lemma vc_dist_commute: "vc_dist V E lv le u v = vc_dist V E lv le v u"
proof -
  have le_commute: "vc_dist V E lv le x y \<le> vc_dist V E lv le y x" for x y
    unfolding vc_dist_def
    by (rule Inf_mono) (use vc_path_rev vc_path_len_rev in fastforce)
  show ?thesis using le_commute[of u v] le_commute[of v u] by (rule antisym)
qed

lemma vc_dist_eq_ec_dist:
  assumes loop_free: "\<And>x y. {x, y} \<in> E \<Longrightarrow> x \<noteq> y"
    and lv: "\<forall>x\<in>V. 0 \<le> lv x" and le: "\<forall>e\<in>E. 0 \<le> le e"
    and "u \<in> V" "v \<in> V"
  shows "vc_dist V E lv le u v = ec_dist V E lv le (u, Mid) (v, Mid)"
proof (cases "u = v")
  case True
  then show ?thesis
    using \<open>u \<in> V\<close> by (simp add: vc_dist_self ec_dist_def dir_dist_self ec_verts_def)
next
  case False
  show ?thesis
    unfolding vc_dist_def ec_dist_def dir_dist_def
  proof (rule antisym; rule Inf_mono)
    show "\<exists>a\<in>{ereal (vc_path_len lv le p) | p. vc_path V E u v p}. a \<le> b"
      if "b \<in> {ereal (dir_path_len (ec_len lv le) q) | q.
                 dir_path (ec_verts V) (ec_arcs V E) (u, Mid) (v, Mid) q}" for b
      using that ec_path_to_vc_path[OF _ False loop_free lv le] by fastforce
    show "\<exists>a\<in>{ereal (dir_path_len (ec_len lv le) q) | q.
                 dir_path (ec_verts V) (ec_arcs V E) (u, Mid) (v, Mid) q}. a \<le> b"
      if "b \<in> {ereal (vc_path_len lv le p) | p. vc_path V E u v p}" for b
      using that vc_path_to_ec_path[where lv = lv and le = le, OF _ False loop_free] by fastforce
  qed
qed

theorem lemma4p6:
  fixes V :: "'a set" and E :: "'a set set"
    and lv cv :: "'a \<Rightarrow> real" and le ce :: "'a set \<Rightarrow> real"
  assumes "vc_graph V E lv le cv ce"
    and "u \<in> V" and "v \<in> V"
  shows "vc_dist V E lv le u v = ec_dist V E lv le (u, Mid) (v, Mid)
       \<and> ec_dist V E lv le (u, Mid) (v, Mid) = ec_dist V E lv le (v, Mid) (u, Mid)"
proof -
  have loop_free: "x \<noteq> y" if "{x, y} \<in> E" for x y
    using assms(1) that by (force simp: vc_graph_def)
  have lv: "\<forall>x\<in>V. 0 \<le> lv x" and le: "\<forall>e\<in>E. 0 \<le> le e"
    using assms(1) by (auto simp: vc_graph_def less_imp_le)
  show ?thesis
    using vc_dist_eq_ec_dist[OF loop_free lv le] assms(2,3) vc_dist_commute by metis
qed

end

_ _ _

* [TASK PROMPT] Print the records verbatim, stopping after the "by (rule Inf_mono)" line.

* [WRITTEN REPLY]
lemma vc_dist_commute: "vc_dist V E lv le u v = vc_dist V E lv le v u"
proof -
  have le_commute: "vc_dist V E lv le x y \<le> vc_dist V E lv le y x" for x y
    unfolding vc_dist_def
    by (rule Inf_mono) (use vc_path_rev vc_path_len_rev in fastforce)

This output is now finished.